Kritik: Weihnachtsfilme, die ausnahmsweise mal nicht aus den Untiefen Hollywoods stammen; sieht man im allgemeinen viel zu selten. So muss man schon etwas Glück haben, um über einen Film wie WUNDER EINER WINTERNACHT zu stolpern – der eigentlich auf den Namen JOULUTARINA horcht und vom finnischen Regisseur und Produzenten Juha Wuolijoki stammt. Belohnt wird man dabei gleich in mehrerlei Hinsicht: die Geschichte wird insgesamt eher ruhig und vergleichsweise ungekünstelt erzählt, es gibt ausreichend Platz für allerlei interessante zwischenmenschliche Untertöne; und die technisch-handwerkliche Komponente macht mit dem netten Setdesign, der stimmigen Schauplatzwahl sowie nicht zuletzt den wunderbar atmosphärischen Landschaftsaufnahmen ordentlich was her. Die größte Stärke von JOULUTARINA aber ist die anberaumte Erzählstrategie, die ihre Wirkung keinesfalls verfehlt – und das auch ohne einer Zuhilfenahme des schon eher als typisch zu bezeichnenden Soundtracks, der aber glücklicherweise nicht flächendeckend eingesetzt wird.
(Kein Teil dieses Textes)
text \<open>By the norm bound, \<open>|\<phi>(h) + it|\<^sup>2 \<le> sup |h|\<^sup>2 + t\<^sup>2\<close> for real \<open>t\<close>, which fails for suitable
  \<open>t\<close> unless \<open>Im \<phi>(h) = 0\<close>.\<close>
lemma char_real:
  assumes \<phi>: "\<phi> \<in> X" and h: "h \<in> A" and h_real: "\<And>n. Im (h n) = 0"
  shows "Im (\<phi> h) = 0"
proof (rule ccontr)
  assume b_nz: "Im (\<phi> h) \<noteq> 0"
  obtain K where K: "\<And>n. norm (h n) \<le> K" using bounded_mem[OF h] by blast
  have K_nonneg: "K \<ge> 0" using K[of 0] by (meson norm_ge_zero order_trans)
  define t where "t = (K\<^sup>2 + 1) / (2 * Im (\<phi> h))"
  define g where "g = (\<lambda>n. h n + \<i> * complex_of_real t)"
  have gA: "g \<in> A" unfolding g_def by (intro add_mem h const_mem)
  have \<phi>g: "\<phi> g = \<phi> h + \<i> * complex_of_real t"
    unfolding g_def using char_add[OF \<phi> h const_mem] char_const[OF \<phi>] by simp
  have "norm (g n) \<le> sqrt (K\<^sup>2 + t\<^sup>2)" for n
  proof -
    have "\<bar>Re (h n)\<bar> \<le> \<bar>K\<bar>" using abs_Re_le_cmod[of "h n"] K[of n] K_nonneg by linarith
    then have "(Re (h n))\<^sup>2 \<le> K\<^sup>2" by (simp only: abs_le_square_iff)
    moreover have "norm (g n) = sqrt ((Re (h n))\<^sup>2 + t\<^sup>2)"
      using h_real[of n] by (simp add: g_def cmod_def)
    ultimately show ?thesis by simp
  qed
  then have "norm (\<phi> g) \<le> sqrt (K\<^sup>2 + t\<^sup>2)" by (rule char_norm_le[OF \<phi> gA])
  from power_mono[OF this norm_ge_zero, of 2] have "(norm (\<phi> g))\<^sup>2 \<le> K\<^sup>2 + t\<^sup>2"
    by simp
  moreover have "(norm (\<phi> g))\<^sup>2 = (Re (\<phi> h))\<^sup>2 + (Im (\<phi> h))\<^sup>2 + 2 * Im (\<phi> h) * t + t\<^sup>2"
    using \<phi>g by (simp add: cmod_power2 power2_sum)
  moreover have "2 * Im (\<phi> h) * t = K\<^sup>2 + 1" using b_nz by (simp add: t_def)
  moreover have "(Re (\<phi> h))\<^sup>2 \<ge> 0" "(Im (\<phi> h))\<^sup>2 \<ge> 0" by simp_all
  ultimately show False by linarith
qed

lemma char_Re_Im:
  assumes \<phi>: "\<phi> \<in> X" and h: "h \<in> A"
  shows "\<phi> h = \<phi> (\<lambda>n. complex_of_real (Re (h n))) + \<i> * \<phi> (\<lambda>n. complex_of_real (Im (h n)))"
proof -
  have "h = (\<lambda>n. complex_of_real (Re (h n)) + \<i> * complex_of_real (Im (h n)))"
    by (simp add: complex_eq[symmetric])
  then have "\<phi> h = \<phi> (\<lambda>n. complex_of_real (Re (h n)) + \<i> * complex_of_real (Im (h n)))"
    by simp
  also have "\<dots> = \<phi> (\<lambda>n. complex_of_real (Re (h n))) + \<i> * \<phi> (\<lambda>n. complex_of_real (Im (h n)))"
    using char_add[OF \<phi> Re_mem[OF h] scale_mem[OF Im_mem[OF h]]] char_scale[OF \<phi> Im_mem[OF h]]
    by simp
  finally show ?thesis .
qed

lemma char_separated_by_real:
  assumes \<phi>: "\<phi> \<in> X" and \<psi>: "\<psi> \<in> X" and "\<phi> \<noteq> \<psi>"
  shows "\<exists>h\<in>A. (\<forall>n. Im (h n) = 0) \<and> Re (\<phi> h) \<noteq> Re (\<psi> h)"
proof (rule ccontr)
  assume "\<not> ?thesis"
  then have real_eq: "\<phi> u = \<psi> u" if "u \<in> A" "\<And>n. Im (u n) = 0" for u
    using that char_real[OF \<phi> that] char_real[OF \<psi> that] by (auto simp: complex_eq_iff)
  have "\<phi> h = \<psi> h" for h
  proof (cases "h \<in> A")
    case True
    then show ?thesis
      using char_Re_Im[OF \<phi> True] char_Re_Im[OF \<psi> True]
        real_eq[OF Re_mem[OF True]] real_eq[OF Im_mem[OF True]] by simp
  next
    case False
    then show ?thesis using char_outside[OF \<phi>] char_outside[OF \<psi>] by simp
  qed
  with \<open>\<phi> \<noteq> \<psi>\<close> show False by blast
qed

lemma max_ideal_space_eq:
  "X = {\<phi>. (\<forall>f. f \<notin> A \<longrightarrow> \<phi> f = undefined) \<and>
          (\<forall>f g c. f \<in> A \<longrightarrow> g \<in> A \<longrightarrow>
             \<phi> (\<lambda>n. f n + g n) = \<phi> f + \<phi> g \<and> \<phi> (\<lambda>n. c * f n) = c * \<phi> f \<and>
             \<phi> (\<lambda>n. f n * g n) = \<phi> f * \<phi> g) \<and>
          \<phi> (\<lambda>n. 1) = 1}"
  (is "_ = ?Y")
proof (intro set_eqI iffI)
  fix \<phi>
  assume \<phi>: "\<phi> \<in> X"
  then show "\<phi> \<in> ?Y"
    using char_outside[OF \<phi>] char_add[OF \<phi>] char_scale[OF \<phi>] char_mult[OF \<phi>] char_one[OF \<phi>]
    by simp
next
  fix \<phi>
  assume \<phi>: "\<phi> \<in> ?Y"
  then have "\<phi> \<in> extensional A" "\<exists>f\<in>A. \<phi> f \<noteq> 0"
    using one_mem by (auto simp: extensional_def intro!: bexI[of _ "\<lambda>n. 1"])
  with \<phi> show "\<phi> \<in> X"
    unfolding max_ideal_space_def by blast
qed

lemma closed_max_ideal_space: "closed X"
proof -
  have coordinate: "continuous_on UNIV (\<lambda>\<phi>::(nat \<Rightarrow> complex) \<Rightarrow> complex. \<phi> f)" for f
    by simp
  show ?thesis
    by (subst max_ideal_space_eq, intro closed_Collect_conj closed_Collect_all closed_Collect_imp
        open_Collect_const closed_Collect_eq)
      (intro continuous_intros coordinate)+
qed

lemma compact_max_ideal_space: "compact X"
proof -
  define B where
    "B = (\<lambda>f. if f \<in> A then cball (0::complex) (SOME K. \<forall>n. norm (f n) \<le> K) else {undefined})"
  have "X \<subseteq> PiE UNIV B"
  proof
    fix \<phi> assume \<phi>: "\<phi> \<in> X"
    have "\<phi> f \<in> B f" for f
    proof (cases "f \<in> A")
      case True
      then have "\<forall>n. norm (f n) \<le> (SOME K. \<forall>n. norm (f n) \<le> K)"
        using someI_ex[OF bounded_mem] by blast
      then show ?thesis using char_norm_le[OF \<phi> True] True by (simp add: B_def)
    qed (simp add: B_def char_outside[OF \<phi>])
    then show "\<phi> \<in> PiE UNIV B" by (simp add: PiE_iff)
  qed
  moreover have "compact (PiE UNIV B)"
    using compactin_PiE[of "\<lambda>_. euclidean" UNIV B]
    by (auto simp: B_def euclidean_product_topology)
  ultimately show ?thesis
    using compact_Int_closed[OF _ closed_max_ideal_space] by (metis inf.absorb_iff2)
qed

lemma weakstar_top_eq: "weakstar_top A = top_of_set X"
proof -
  have top: "topspace (weakstar_top A) = X"
    unfolding weakstar_top_def topspace_subtopology topspace_product_topology
    using char_extensional by (auto simp: PiE_def)
  have "continuous_map (top_of_set X) (weakstar_top A) id"
    unfolding weakstar_top_def
    by (intro continuous_map_into_subtopology)
      (auto simp: continuous_map_componentwise char_extensional
        intro: continuous_on_subset[OF continuous_on_product_coordinates])
  moreover have "continuous_map (weakstar_top A) (top_of_set X) id"
  proof (intro continuous_map_into_subtopology)
    have "continuous_map (weakstar_top A) euclidean (\<lambda>\<phi>. \<phi> f)" for f
    proof (cases "f \<in> A")
      case True
      then show ?thesis unfolding weakstar_top_def
        by (intro continuous_map_from_subtopology continuous_map_product_projection)
    next
      case False
      have "continuous_map (weakstar_top A) euclidean (\<lambda>\<phi>. undefined :: complex)"
        by simp
      then show ?thesis
        by (rule continuous_map_eq) (metis top char_outside False)
    qed
    then show "continuous_map (weakstar_top A) euclidean id"
      by (simp add: euclidean_product_topology[symmetric] continuous_map_componentwise_UNIV id_def)
  qed (simp add: top)
  ultimately have "homeomorphic_maps (top_of_set X) (weakstar_top A) id id"
    by (simp add: homeomorphic_maps_def)
  then show ?thesis
    using homeomorphic_map_id homeomorphic_map_maps by blast
qed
So ist der Film zum einen als relativ zeitloses Porträt zu verstehen, wobei sich stets nur erahnen lässt wann und wo genau sich das Ganze zugetragen haben könnte – und zum anderen erweist sich die Entscheidung, die Geschichte als ein ganzes Leben abdeckende Erzählung zu inszenieren; als äußerst glückliche Entscheidung. Das Gefühl einer (emotionalen) Bedeutung wird also weniger aus einer Ansammlung potentiell kitschiger Bilder oder anderen zielführenden, zumeist aber eben reichlich prätentiösen Stilmitteln generiert – sondern schlicht und ergreifend aus dem sich durchaus auf den Zuschauer übertragenden Gefühls heraus, dass es sich um die Darstellung eines Lebenswerks handelt. Ob um ein mehr oder weniger bedeutsames, dass muss ein jeder für sich selbst entscheiden – aber das durch und durch annehmbare Angebot ist gemacht. Wäre man mit dem pompösen Ende nicht doch noch ein wenig über das Ziel hinausgeschossen, wäre sogar noch mehr drin gewesen.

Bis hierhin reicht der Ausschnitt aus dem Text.